═══ Material shown
lemma sublinear_sublinear_shift:
  assumes p: "sublinear p"
  shows "sublinear (sublinear_shift p y)"
proof (rule sublinearI)
  fix a b
  have "sublinear_shift p y (a + b) - (p (b + t *\<^sub>R y) - t * p y) \<le> sublinear_shift p y a"
    if t: "0 \<le> t" for t
  proof (rule sublinear_shift_greatest)
    fix s :: real assume s: "0 \<le> s"
    have "sublinear_shift p y (a + b) \<le> p (a + b + (s + t) *\<^sub>R y) - (s + t) * p y"
      using sublinear_shift_le[OF p] s t by simp
    also have "a + b + (s + t) *\<^sub>R y = (a + s *\<^sub>R y) + (b + t *\<^sub>R y)"
      by (simp add: algebra_simps)
    finally show "sublinear_shift p y (a + b) - (p (b + t *\<^sub>R y) - t * p y) \<le> p (a + s *\<^sub>R y) - s * p y"
      using sublinear_add[OF p, of "a + s *\<^sub>R y" "b + t *\<^sub>R y"] by (simp add: algebra_simps)
  qed
  then have "sublinear_shift p y (a + b) - sublinear_shift p y a \<le> sublinear_shift p y b"
    by (intro sublinear_shift_greatest) (simp add: algebra_simps)
  then show "sublinear_shift p y (a + b) \<le> sublinear_shift p y a + sublinear_shift p y b"
    by simp
next
  show "sublinear_shift p y 0 \<le> 0"
    using sublinear_shift_le[OF p order_refl, of y 0] sublinear_zero[OF p] by simp
next
  fix c :: real and z assume c: "0 < c"
  have "sublinear_shift p y (c *\<^sub>R z) / c \<le> p (z + t *\<^sub>R y) - t * p y" if t: "0 \<le> t" for t
  proof -
    have "sublinear_shift p y (c *\<^sub>R z) \<le> p (c *\<^sub>R z + (c * t) *\<^sub>R y) - (c * t) * p y"
      using sublinear_shift_le[OF p] c t by simp
    also have "c *\<^sub>R z + (c * t) *\<^sub>R y = c *\<^sub>R (z + t *\<^sub>R y)"
      by (simp add: algebra_simps)
    finally show ?thesis
      using c sublinear_scaleR[OF p, of c "z + t *\<^sub>R y"] by (simp add: field_simps)
  qed
  then have "sublinear_shift p y (c *\<^sub>R z) / c \<le> sublinear_shift p y z"
    by (rule sublinear_shift_greatest)
  then show "sublinear_shift p y (c *\<^sub>R z) \<le> c * sublinear_shift p y z"
    using c by (simp add: field_simps)
qed

lemma minimal_sublinear_linear:
  assumes p: "sublinear p" and minimal: "\<And>q. sublinear q \<Longrightarrow> q \<le> p \<Longrightarrow> q = p"
  shows "linear p"
proof (rule sublinear_linearI[OF p])
  fix y
  have "sublinear_shift p y \<le> p"
    using sublinear_shift_le[OF p order_refl] by (simp add: le_fun_def)
  then have "sublinear_shift p y = p"
    by (rule minimal[OF sublinear_sublinear_shift[OF p]])
  then show "p (- y) \<le> - p y"
    using sublinear_shift_le[OF p, of 1 y "- y"] sublinear_zero[OF p] by simp
qed

lemma sublinear_INF_lower:
  assumes sub: "\<And>q. q \<in> C \<Longrightarrow> sublinear q" and le: "\<And>q. q \<in> C \<Longrightarrow> q \<le> p"
    and q: "q \<in> C"
  shows "(INF r\<in>C. r z) \<le> q z"
proof (rule cINF_lower[OF bdd_belowI2 q])
  fix r assume r: "r \<in> C"
  have "- p (- z) \<le> - r (- z)" using le[OF r] by (simp add: le_fun_def)
  also have "\<dots> \<le> r z" by (rule sublinear_minus_le[OF sub[OF r]])
  finally show "- p (- z) \<le> r z" .
qed

lemma sublinear_chain_INF:
  assumes "C \<noteq> {}" and sub: "\<And>q. q \<in> C \<Longrightarrow> sublinear q" and le: "\<And>q. q \<in> C \<Longrightarrow> q \<le> p"
    and chain: "\<And>q r. q \<in> C \<Longrightarrow> r \<in> C \<Longrightarrow> q \<le> r \<or> r \<le> q"
  shows "sublinear (\<lambda>z. INF q\<in>C. q z)"
proof -
  have lower: "(INF r\<in>C. r z) \<le> q z" if "q \<in> C" for q z
    using sub le that by (rule sublinear_INF_lower)
  have greatest: "k \<le> (INF q\<in>C. q z)" if "\<And>q. q \<in> C \<Longrightarrow> k \<le> q z" for k z
    using \<open>C \<noteq> {}\<close> that by (rule cINF_greatest)
  show ?thesis
  proof (rule sublinearI)
    fix a b
    have "(INF q\<in>C. q (a + b)) \<le> q a + r b" if q: "q \<in> C" and r: "r \<in> C" for q r
    proof (cases "q \<le> r")
      case True
      have "(INF q\<in>C. q (a + b)) \<le> q (a + b)" by (rule lower[OF q])
      also have "\<dots> \<le> q a + q b" by (rule sublinear_add[OF sub[OF q]])
      also have "\<dots> \<le> q a + r b" using True by (simp add: le_fun_def)
      finally show ?thesis .
    next
      case False
      then have "r \<le> q" using chain[OF q r] by blast
      have "(INF q\<in>C. q (a + b)) \<le> r (a + b)" by (rule lower[OF r])
      also have "\<dots> \<le> r a + r b" by (rule sublinear_add[OF sub[OF r]])
      also have "\<dots> \<le> q a + r b" using \<open>r \<le> q\<close> by (simp add: le_fun_def)
      finally show ?thesis .
    qed
    then have "(INF q\<in>C. q (a + b)) - r b \<le> (INF q\<in>C. q a)" if "r \<in> C" for r
      using that by (intro greatest) (simp add: algebra_simps)
    then have "(INF q\<in>C. q (a + b)) - (INF q\<in>C. q a) \<le> (INF q\<in>C. q b)"
      by (intro greatest) (simp add: algebra_simps)
    then show "(INF q\<in>C. q (a + b)) \<le> (INF q\<in>C. q a) + (INF q\<in>C. q b)"
      by simp
  next
    obtain q where q: "q \<in> C" using \<open>C \<noteq> {}\<close> by blast
    show "(INF q\<in>C. q 0) \<le> 0" using lower[OF q, of 0] sublinear_zero[OF sub[OF q]] by simp
  next
    fix c :: real and z assume c: "0 < c"
    have "(INF q\<in>C. q (c *\<^sub>R z)) / c \<le> (INF q\<in>C. q z)"
    proof (rule greatest)
      fix q assume q: "q \<in> C"
      show "(INF q\<in>C. q (c *\<^sub>R z)) / c \<le> q z"
        using lower[OF q, of "c *\<^sub>R z"] sublinear_scaleR[OF sub[OF q], of c z] c
        by (simp add: field_simps)
    qed
    then show "(INF q\<in>C. q (c *\<^sub>R z)) \<le> c * (INF q\<in>C. q z)"
      using c by (simp add: field_simps)
  qed
qed

lemma minimal_sublinear_below_exists:
  assumes p: "sublinear p"
  obtains m where "sublinear m" "m \<le> p" "\<And>q. sublinear q \<Longrightarrow> q \<le> m \<Longrightarrow> q = m"
proof -
  define A where "A = {q. sublinear q \<and> q \<le> p}"
  define P where "P = (\<lambda>q r :: 'a \<Rightarrow> real. r \<le> q)"
  have po: "partial_order_on A (relation_of P A)"
    unfolding partial_order_on_def preorder_on_def refl_on_def trans_on_def antisym_on_def
      relation_of_def P_def
    by auto
  have "\<exists>m\<in>A. \<forall>q\<in>A. P m q \<longrightarrow> q = m"
  proof (rule predicate_Zorn[OF po])
    fix C assume C: "C \<in> Chains (relation_of P A)"
    then have CA: "C \<subseteq> A" unfolding Chains_def relation_of_def by blast
    show "\<exists>u\<in>A. \<forall>q\<in>C. P q u"
    proof (cases "C = {}")
      case True
      then show ?thesis using p unfolding A_def by auto
    next
      case False
      define u where "u = (\<lambda>z. INF q\<in>C. q z)"
      have below: "u \<le> q" if "q \<in> C" for q
        unfolding le_fun_def u_def
      proof
        fix z
        show "(INF q\<in>C. q z) \<le> q z"
          using CA that by (intro sublinear_INF_lower[where p = p]) (auto simp: A_def)
      qed
      have "sublinear u"
        unfolding u_def using C CA False
        by (intro sublinear_chain_INF[where p = p])
          (auto simp: A_def P_def Chains_def relation_of_def)
      moreover obtain q where "q \<in> C" using False by blast
      with below CA have "u \<le> p" unfolding A_def by (blast intro: order_trans)
      ultimately have "u \<in> A" unfolding A_def by blast
      with below show ?thesis unfolding P_def by blast
    qed
  qed
  then obtain m where "m \<in> A" and minimal: "\<And>q. q \<in> A \<Longrightarrow> q \<le> m \<Longrightarrow> q = m"
    unfolding P_def by blast
  moreover have "q \<in> A" if "sublinear q" "q \<le> m" for q
    using that \<open>m \<in> A\<close> unfolding A_def by (blast intro: order_trans)
  ultimately show ?thesis using that unfolding A_def by blast
qed

lemma linear_le_sublinear_exists:
  assumes "sublinear p"
  obtains f where "linear f" "\<And>z. f z \<le> p z"
proof -
  obtain m where m: "sublinear m" "m \<le> p" and minimal: "\<And>q. sublinear q \<Longrightarrow> q \<le> m \<Longrightarrow> q = m"
    using minimal_sublinear_below_exists[OF assms] by blast
  from m(1) minimal have "linear m" by (rule minimal_sublinear_linear)
  with \<open>m \<le> p\<close> show ?thesis using that by (auto simp: le_fun_def)
qed

section \<open>Dual unit balls and support functionals\<close>

definition dual_ball :: "('v::real_vector \<Rightarrow> real) \<Rightarrow> ('v \<Rightarrow> real) set" where
  "dual_ball N = {f. linear f \<and> (\<forall>z. \<bar>f z\<bar> \<le> N z)}"

lemma norming_functional_exists:
  fixes x :: "'v::real_normed_vector"
  obtains f where "f \<in> dual_ball norm" "f x = norm x"
proof -
  obtain f where f: "linear f" and le_shift: "\<And>z. f z \<le> sublinear_shift norm x z"
    using linear_le_sublinear_exists[OF sublinear_sublinear_shift[OF sublinear_norm]] by blast
  have le_norm: "f z \<le> norm z" for z
    using le_shift[of z] sublinear_shift_le[OF sublinear_norm order_refl, of x z] by simp
  have "\<bar>f z\<bar> \<le> norm z" for z
    using le_norm[of z] le_norm[of "- z"] linear_neg[OF f, of z] by simp
  moreover have "f x = norm x"
    using le_shift[of "- x"] sublinear_shift_le[OF sublinear_norm, of 1 x "- x"]
      linear_neg[OF f, of x] le_norm[of x] by simp
  ultimately show ?thesis using f that unfolding dual_ball_def by blast
qed

locale norm_function =
  fixes N :: "'v::real_vector \<Rightarrow> real"
  assumes nonneg: "0 \<le> N z"
    and scaleR: "N (c *\<^sub>R z) = \<bar>c\<bar> * N z"
    and eq_0: "N z = 0 \<Longrightarrow> z = 0"
begin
══════
▶ **Work instructions**
Print again the lines of the entries above that fall between the line holding "fix r assume" and the line holding "using sub le", inclusive, exactly as they stand.

▶ **Response box**
  fix r assume r: "r \<in> C"
  have "- p (- z) \<le> - r (- z)" using le[OF r] by (simp add: le_fun_def)
  also have "\<dots> \<le> r z" by (rule sublinear_minus_le[OF sub[OF r]])
  finally show "- p (- z) \<le> r z" .
qed

lemma sublinear_chain_INF:
  assumes "C \<noteq> {}" and sub: "\<And>q. q \<in> C \<Longrightarrow> sublinear q" and le: "\<And>q. q \<in> C \<Longrightarrow> q \<le> p"
    and chain: "\<And>q r. q \<in> C \<Longrightarrow> r \<in> C \<Longrightarrow> q \<le> r \<or> r \<le> q"
  shows "sublinear (\<lambda>z. INF q\<in>C. q z)"
proof -
  have lower: "(INF r\<in>C. r z) \<le> q z" if "q \<in> C" for q z
    using sub le that by (rule sublinear_INF_lower)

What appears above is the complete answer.